Traveling to England could get easier for pets
London ? All the scores of weeping American children who move here every year and have to lock up their beloved pets or leave them behind. …
All the great and glitzy of America too – Elizabeth Taylor anchoring a rented yacht in the Thames just for her dogs, David Hockney choosing to paint in California rather than in his homeland because of his dachshunds, a diplomat who had to think hard about accepting the ambassadorship at the Court of St. James’s, all because of this island nation’s stringent, century-old rabies quarantine.
Now all that could be a thing of the past, consigned to the kitty litter bin of history.

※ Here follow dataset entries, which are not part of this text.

lemma realizes_LComp:
  assumes A: "realizes k n l A LA" and B: "realizes k n l B LB"
  shows "realizes k n l (\<lambda>y x. \<Sum>t\<in>bitstrings n. A y t * B t x) (LComp LA LB)"
proof (rule realizesI)
  show "lmodes (LComp LA LB) = 2 ^ (k + n + l)" using realizesD(1)[OF B] by simp
  fix u v :: "bool list" assume uv: "length u = k + n + l" "length v = k + n + l"
  have "lsem (LComp LA LB) (gray_index u) (gray_index v)
      = (\<Sum>w\<in>bitstrings (k + n + l). lsem LA (gray_index u) (gray_index w) * lsem LB (gray_index w) (gray_index v))"
    by (rule lsem_LComp_bitstrings[OF realizesD(1)[OF B]])
  also have "\<dots> = (\<Sum>w\<in>bitstrings (k + n + l). embed_block k n A u w * embed_block k n B w v)"
    using uv by (intro sum.cong) (simp_all add: realizesD(2)[OF A] realizesD(2)[OF B])
  also have "\<dots> = embed_block k n (\<lambda>y x. \<Sum>t\<in>bitstrings n. A y t * B t x) u v"
    using uv by (rule sum_embed_block_mult)
  finally show "lsem (LComp LA LB) (gray_index u) (gray_index v) = \<dots>" .
qed

lemma realizes_regroup:
  assumes "realizes (k + m) n (p + l) A L"
  shows "realizes k (m + n + p) l (embed_block m n A) L"
proof (rule realizesI)
  show "lmodes L = 2 ^ (k + (m + n + p) + l)"
    using realizesD(1)[OF assms] by (simp add: ac_simps)
  fix u v :: "bool list" assume "length u = k + (m + n + p) + l" "length v = k + (m + n + p) + l"
  then show "lsem L (gray_index u) (gray_index v) = embed_block k (m + n + p) (embed_block m n A) u v"
    using realizesD(2)[OF assms, of u v] embed_block_embed_block[of u k m n p l v A] by (simp add: ac_simps)
qed

lemma realizes_tensor:
  assumes A: "realizes (k + n1) n2 l A LA" and B: "realizes k n1 (l + n2) B LB"
  shows "realizes k (n1 + n2) l
           (\<lambda>y x. B (take n1 y) (take n1 x) * A (drop n1 y) (drop n1 x)) (LComp LA LB)"
proof -
  have "realizes k (n1 + n2) l (embed_block n1 n2 A) LA"
    using realizes_regroup[of k n1 n2 0 l A LA] A by simp
  moreover have "realizes k (n1 + n2) l (embed_block 0 n1 B) LB"
    using realizes_regroup[of k 0 n1 n2 l B LB] B by (simp add: ac_simps)
  ultimately show ?thesis
    by (rule realizes_cong[OF realizes_LComp]) (rule sum_embed_block_tensor)
qed

lemma realizes_lpow_diagonal:
  assumes "lmodes X = 1"
  shows "realizes k n l (\<lambda>y x. if y = x then lsem X 0 0 else 0) (lpow X (2 ^ (k + n + l)))"
proof (rule realizesI)
  show "lmodes (lpow X (2 ^ (k + n + l))) = 2 ^ (k + n + l)" using assms by (simp add: lmodes_lpow)
  fix u v :: "bool list" assume uv: "length u = k + n + l" "length v = k + n + l"
  have "lsem (lpow X (2 ^ (k + n + l))) (1 * gray_index u + 0) (1 * gray_index v + 0)
      = (if gray_index u = gray_index v then lsem X 0 0 else 0)"
    using assms uv gray_index_less[of u] gray_index_less[of v] by (intro lsem_lpow_block) auto
  then show "lsem (lpow X (2 ^ (k + n + l))) (gray_index u) (gray_index v)
      = embed_block k n (\<lambda>y x. if y = x then lsem X 0 0 else 0) u v"
    using uv gray_index_inj[of u v] by (auto simp: embed_block_diagonal)
qed

section \<open>The permutation circuits\<close>

definition swap_blocks :: "nat \<Rightarrow> nat \<Rightarrow> 'a list \<Rightarrow> 'a list" where
  "swap_blocks k n w = take k w @ drop (k + n) w @ take n (drop k w)"

lemma swap_blocks_append:
  "length x = k \<Longrightarrow> length y = n \<Longrightarrow> swap_blocks k n (x @ y @ z) = x @ z @ y"
  by (simp add: swap_blocks_def)

lemma length_swap_blocks [simp]: "length w = k + n + l \<Longrightarrow> length (swap_blocks k n w) = k + n + l"
  by (simp add: swap_blocks_def)

lemma eq_swap_blocks_iff:
  assumes "length u = k + n + l" "length w = k + n + l"
  shows "u = swap_blocks k l w \<longleftrightarrow> w = swap_blocks k n u"
proof -
  obtain x y z where "u = x @ y @ z" "length x = k" "length y = n" "length z = l"
    using assms(1) by (rule split_length_sum)
  moreover obtain x' z' y' where "w = x' @ z' @ y'" "length x' = k" "length z' = l" "length y' = n"
    using assms(2) by (metis split_length_sum add.assoc add.commute)
  ultimately show ?thesis by (auto simp: swap_blocks_append)
qed

lemma lmodes_sigma: "sigma_spec sig \<Longrightarrow> lmodes (sig k n l) = 2 ^ (k + n + l)"
  by (simp add: sigma_spec_def Let_def)

lemma lsem_sigma:
  assumes sig: "sigma_spec sig" and uv: "length u = k + n + l" "length v = k + n + l"
  shows "lsem (sig k n l) (gray_index u) (gray_index v) = (if u = swap_blocks k n v then 1 else 0)"
proof -
  obtain x y z where v: "v = x @ y @ z" "length x = k" "length y = n" "length z = l"
    using uv(2) by (rule split_length_sum)
  have "(\<Sum>i<2 ^ (k + n + l). \<Sum>j<2 ^ (k + n + l).
          grayM (k + n + l) u i * lsem (sig k n l) i j * grayInvM (k + n + l) j v)
      = (if u = x @ z @ y then 1 else 0)"
    using sig uv v unfolding sigma_spec_def Let_def by blast
  moreover have "(\<Sum>i<2 ^ (k + n + l). \<Sum>j<2 ^ (k + n + l).
          grayM (k + n + l) u i * lsem (sig k n l) i j * grayInvM (k + n + l) j v)
      = lsem (sig k n l) (gray_index u) (gray_index v)"
    using uv by (simp add: mult.assoc sum_distrib_left[symmetric] sum_grayInvM_right sum_grayM_left)
  ultimately show ?thesis using v by (simp add: swap_blocks_append)
qed

lemma lsem_LComp_sigma_right:
  assumes "sigma_spec sig" "length v = k + n + l"
  shows "lsem (LComp L (sig k n l)) i (gray_index v) = lsem L i (gray_index (swap_blocks k n v))"
proof -
  have "lsem (LComp L (sig k n l)) i (gray_index v)
      = (\<Sum>w\<in>bitstrings (k + n + l). lsem L i (gray_index w) * (if w = swap_blocks k n v then 1 else 0))"
  proof (subst lsem_LComp_bitstrings[OF lmodes_sigma[OF assms(1)]], intro sum.cong refl)
    fix w assume "w \<in> bitstrings (k + n + l)"
    then show "lsem L i (gray_index w) * lsem (sig k n l) (gray_index w) (gray_index v)
        = lsem L i (gray_index w) * (if w = swap_blocks k n v then 1 else 0)"
      using assms by (simp add: lsem_sigma)
  qed
  also have "\<dots> = lsem L i (gray_index (swap_blocks k n v))"
    using assms(2) by (intro sum_bitstrings_delta) simp
  finally show ?thesis .
qed

lemma lsem_LComp_sigma_left:
  assumes "sigma_spec sig" "lmodes L = 2 ^ (k + n + l)" "length u = k + n + l"
  shows "lsem (LComp (sig k l n) L) (gray_index u) j = lsem L (gray_index (swap_blocks k n u)) j"
proof -
  have "lsem (LComp (sig k l n) L) (gray_index u) j
      = (\<Sum>w\<in>bitstrings (k + n + l). (if w = swap_blocks k n u then 1 else 0) * lsem L (gray_index w) j)"
  proof (subst lsem_LComp_bitstrings[OF assms(2)], intro sum.cong refl)
    fix w assume "w \<in> bitstrings (k + n + l)"
    then have w: "length w = k + n + l" by simp
    have "lsem (sig k l n) (gray_index u) (gray_index w) = (if u = swap_blocks k l w then 1 else 0)"
      using assms(3) w by (intro lsem_sigma[OF assms(1)]) simp_all
    then show "lsem (sig k l n) (gray_index u) (gray_index w) * lsem L (gray_index w) j
        = (if w = swap_blocks k n u then 1 else 0) * lsem L (gray_index w) j"
      by (simp add: eq_swap_blocks_iff[OF assms(3) w])
  qed
  also have "\<dots> = lsem L (gray_index (swap_blocks k n u)) j"
    using assms(3) by (intro sum_bitstrings_delta) simp
  finally show ?thesis .
qed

The British government, which raised hopes and spirits of peripatetic pet lovers this summer by letting it be known that it might roll back the quarantine requirement for the United States and Canada “subject to satisfactory conclusions” to its research, says it will announce its findings this month. A paws-up ruling on a “pet passport” program could allow U.S. pets into Great Britain without the harrowing six-month “no-walkies” sentence of solitary confinement in small cages. That law has prohibited quarantined pets ” even guide dogs ” from so much as sniffing the soil of Britain and forced owners who want to cuddle to climb into the cages with their critters.
In a nation that loves its pets enough to allow them on public transit, thousands of foreign pets have been sentenced to time in government-approved kennels, and dozens have died there and thereafter ” not from rabies but from ailments, stress and just plain loneliness. (Precise numbers are hard to come by, but in the three decades preceding the lifting of the quarantine for selected European countries, more than 200,000 dogs were caged.) To pet parents among the quarter-million Americans living in the United Kingdom, and to others who’d like to settle here with menage and menagerie, the new program would be not only welcome but a “what took you so long” cause for celebration. Take the word of a former ambassador.
“I talked about it by kidding on the square, kidding by being serious. I would say that I thought (the quarantine) was the biggest obstacle to improving Anglo-American relations,” says Raymond Seitz, appointed by the first President George Bush, and the first career diplomat to hold the ambassadorship in modern times. Seitz loves his dogs, mostly mutts; he devoted a chapter to them in his memoir, “Over Here,” and became a founding member of a British organization, Passport for Pets, that has lobbied to change the quarantine he characterizes ” in language not remotely diplomatic ” to be “ludicrous, awful and dreadful,” serving “no obvious purpose” in an age of vaccines and med-tech.